The group traveled from café to cabaret, collecting more friends as they went. They avoided the places they knew for sure served cat meat as beef. The songs the chanteuses sang were throaty and bawdy. The group's conversation was loud and off-color, opinionated minidramas. They spoke with large gestures and exaggerated facial expressions, leaning close to one another to make a point, far closer than any American would tolerate. They argued hotly about the best ways to improve France's economy, to make things more equal between the classes and the sexes.

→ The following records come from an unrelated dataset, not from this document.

lemma branching_trans:
  "branching K br \<Longrightarrow> f \<in> tris K \<Longrightarrow> x \<in> f \<Longrightarrow> y \<in> f \<Longrightarrow> z \<in> f \<Longrightarrow> br x y \<Longrightarrow> br y z \<Longrightarrow> br x z"
  unfolding branching_def
  by (elim conjE) (drule bspec, assumption, drule bspec, assumption, drule bspec, assumption,
      drule bspec, assumption, simp)

lemma branching_strict_total_on:
  assumes "branching K br" "t \<in> K"
  shows "strict_total_on br t"
  unfolding strict_total_on_def
proof (intro conjI ballI impI)
  show "\<not> br x x" for x
    using branching_irrefl[OF assms(1)] .
  show "br x y \<or> br y x" if "x \<in> t" "y \<in> t" "x \<noteq> y" for x y
    using branching_asym[OF assms(1) edge_of_tet[OF assms(2)], of x y x y] that by simp
  show "br x z" if "x \<in> t" "y \<in> t" "z \<in> t" "br x y" "br y z" for x y z
  proof -
    have "x \<noteq> y" "y \<noteq> z" using that branching_irrefl[OF assms(1)] by auto
    moreover have "x \<noteq> z"
      using branching_asym[OF assms(1) edge_of_tet[OF assms(2)], of x y x y] that \<open>x \<noteq> y\<close> by auto
    ultimately show ?thesis
      using branching_trans[OF assms(1) tri_of_tet[OF assms(2)], of x y z x y z] that by simp
  qed
qed

lemma olist_tet:
  assumes "closed_3manifold K" "branching K br" "t \<in> K"
  obtains x0 x1 x2 x3 where "t = {x0, x1, x2, x3}" "distinct [x0, x1, x2, x3]"
    "olist br t = [x0, x1, x2, x3]"
    "olist br {x1, x2, x3} = [x1, x2, x3]" "olist br {x0, x2, x3} = [x0, x2, x3]"
    "olist br {x0, x1, x3} = [x0, x1, x3]" "olist br {x0, x1, x2} = [x0, x1, x2]"
proof -
  have total: "strict_total_on br t" using branching_strict_total_on[OF assms(2,3)] .
  obtain xs where xs: "set xs = t" "sorted_wrt br xs"
    using strict_total_on_sorted_list total closed_3manifold_tet[OF assms(1,3)] by blast
  have "distinct xs"
    using sorted_wrt_irrefl_distinct[OF branching_irrefl[OF assms(2)] xs(2)] .
  then have "length xs = 4" using xs(1) closed_3manifold_tet[OF assms(1,3)] distinct_card by fastforce
  then obtain x0 x1 x2 x3 where x: "xs = [x0, x1, x2, x3]"
    by (auto simp: numeral_eq_Suc length_Suc_conv)
  have face: "olist br (set ys) = ys" if "set ys \<subseteq> t" "sorted_wrt br ys" for ys
    using olist_eqI strict_total_on_subset[OF total] that by blast
  have "olist br t = [x0, x1, x2, x3]"
    using olist_eqI[OF total xs] x by simp
  moreover have "olist br {x1, x2, x3} = [x1, x2, x3]" "olist br {x0, x2, x3} = [x0, x2, x3]"
    "olist br {x0, x1, x3} = [x0, x1, x3]" "olist br {x0, x1, x2} = [x0, x1, x2]"
    using face[of "[x1, x2, x3]"] face[of "[x0, x2, x3]"] face[of "[x0, x1, x3]"]
      face[of "[x0, x1, x2]"] xs x by auto
  moreover have "t = {x0, x1, x2, x3}" "distinct [x0, x1, x2, x3]"
    using xs(1) x \<open>distinct xs\<close> by auto
  ultimately show ?thesis using that by blast
qed

lemma subsets_card_pred:
  assumes "finite s" "card s = Suc n"
  shows "{f. f \<subseteq> s \<and> card f = n} = (\<lambda>x. s - {x}) ` s"
proof (intro equalityI subsetI)
  fix f assume "f \<in> {f. f \<subseteq> s \<and> card f = n}"
  then have f: "f \<subseteq> s" "card f = n" by auto
  moreover have "f \<noteq> s" using f assms by auto
  ultimately obtain x where x: "x \<in> s" "x \<notin> f" by blast
  then have "f = s - {x}"
    using f assms by (intro card_subset_eq) (auto simp: card_Diff_singleton)
  then show "f \<in> (\<lambda>x. s - {x}) ` s" using x by blast
qed (use assms in \<open>auto simp: card_Diff_singleton\<close>)

lemma sum_subsets_card_pred:
  assumes "finite s" "card s = Suc n"
  shows "(\<Sum>f | f \<subseteq> s \<and> card f = n. g f) = (\<Sum>x\<in>s. g (s - {x}))"
proof -
  have "inj_on (\<lambda>x. s - {x}) s" by (rule inj_onI) auto
  then show ?thesis by (simp add: subsets_card_pred[OF assms] sum.reindex)
qed

lemma sum_faces_tet:
  assumes "t \<in> K" "t = {x0, x1, x2, x3}" "distinct [x0, x1, x2, x3]"
  shows "(\<Sum>f\<in>{f\<in>tris K. f \<subseteq> t}. X f) = X {x1, x2, x3} + X {x0, x2, x3} + X {x0, x1, x3} + X {x0, x1, x2}"
proof -
  have "{f\<in>tris K. f \<subseteq> t} = {f. f \<subseteq> {x0, x1, x2, x3} \<and> card f = 3}"
    using assms(1,2) unfolding tris_def by auto
  then show ?thesis
    by (simp only:, subst sum_subsets_card_pred)
      (use assms(3) in \<open>auto simp: insert_Diff_if insert_commute add.assoc\<close>)
qed
(* Let $G$ be a topological group which is a Baire space. Then the following are equivalent: (i) $G$ is metrizable; (ii) $G$ has the strong Pytkeev property; (iii) $G$ has countable $ck$-character; (iv) $G$ has countable $cn$-character; (v) $G$ has a $\mathfrak{G}$-base satisfying the condition $(\mathbf{D})$.
   Context: A space $X$ has the strong Pytkeev property if for each $x\in X$ there is a countable family $\mathcal{D}$ of subsets of $X$ such that for each neighborhood $U$ of $x$ and each $A\subseteq X$ with $x\in\overline{A}\setminus A$ there is $D\in\mathcal{D}$ with $D\subseteq U$ and $D\cap A$ infinite. For $x\in X$, a family $\mathcal{N}$ of subsets of $X$ is a $cn$-network at $x$ if for each neighborhood $O_x$ of $x$ the set $\bigcup\{N\in\mathcal{N}:x\in N\subseteq O_x\}$ is a neighborhood of $x$; it is a $ck$-network at $x$ if for every neighborhood $O_x$ there is a neighborhood $U_x$ of $x$ such that for each compact $K\subseteq U_x$ there is a finite $\mathcal{F}\subseteq\mathcal{N}$ with $x\in\bigcap\mathcal{F}$ and $K\subseteq\bigcup\mathcal{F}\subseteq O_x$. The $cn$-character (resp. $ck$-character) of $X$ is the supremum over $x\in X$ of the least cardinality of a $cn$-network (resp. $ck$-network) at $x$. $\mathbb{N}^\mathbb{N}$ is ordered coordinatewise. A $\mathfrak{G}$-base of a topological group $G$ is a base $\{U_\alpha:\alpha\in\mathbb{N}^\mathbb{N}\}$ of neighborhoods of the unit $e$ with $U_\beta\subseteq U_\alpha$ whenever $\alpha\le\beta$. For $\alpha\in\mathbb{N}^\mathbb{N}$, $k\in\mathbb{N}$, let $I_k(\alpha)=\{\beta:\beta_i=\alpha_i,\ i=1,\dots,k\}$ and $D_k(\alpha)=\bigcap_{\beta\in I_k(\alpha)}U_\beta$; the base satisfies condition $(\mathbf{D})$ if $U_\alpha=\bigcup_k D_k(\alpha)$ for every $\alpha$. *)

theory Defs
  imports "HOL-Analysis.Analysis"
begin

As Henry listened, he realized that most of them were very left-wing in their thoughts, probably communist, including Claudette. Were these the type of people Thurman was concerned about watching? The type of people Thurman might keep a known Nazi in tow to ferret out? Henry couldn't see how these passionate, brave young people, devoted to building a better future, could be such a threat to American interests. If Orwell's para
noia about government was right, Henry would have to be careful around the Hotel Scribe. He didn't necessarily agree with the philosophies of Claudette and her friends, but the last thing he'd want to do is somehow bring the scrutiny of Thurman and his agents down on these youths. They'd had to watch their backs enough already.

As the night raced on, Henry tired of politics and focused on Claudette. While the others grew tipsy on the watered-down wine or on their dreams or on the pumped-up jazz beat, Henry lost himself in her, her new
joie de vivre.
Her bitter rage, her aura of tragedy, had been replaced with high hopes. Her new spirit was intoxicating.

She pulled him onto the packed dance floor to jitterbug to wildly fast music. They crashed into other dancers, boys grabbing her for a swing around the floor and thrusting other girls into Henry's arms and then exchanging again—a mass of happy, sweating, sashaying young people in one big dance of unencumbered rejoicing. Claudette's laugh rang out with the music and Henry realized it was the first time he had ever heard her truly laugh.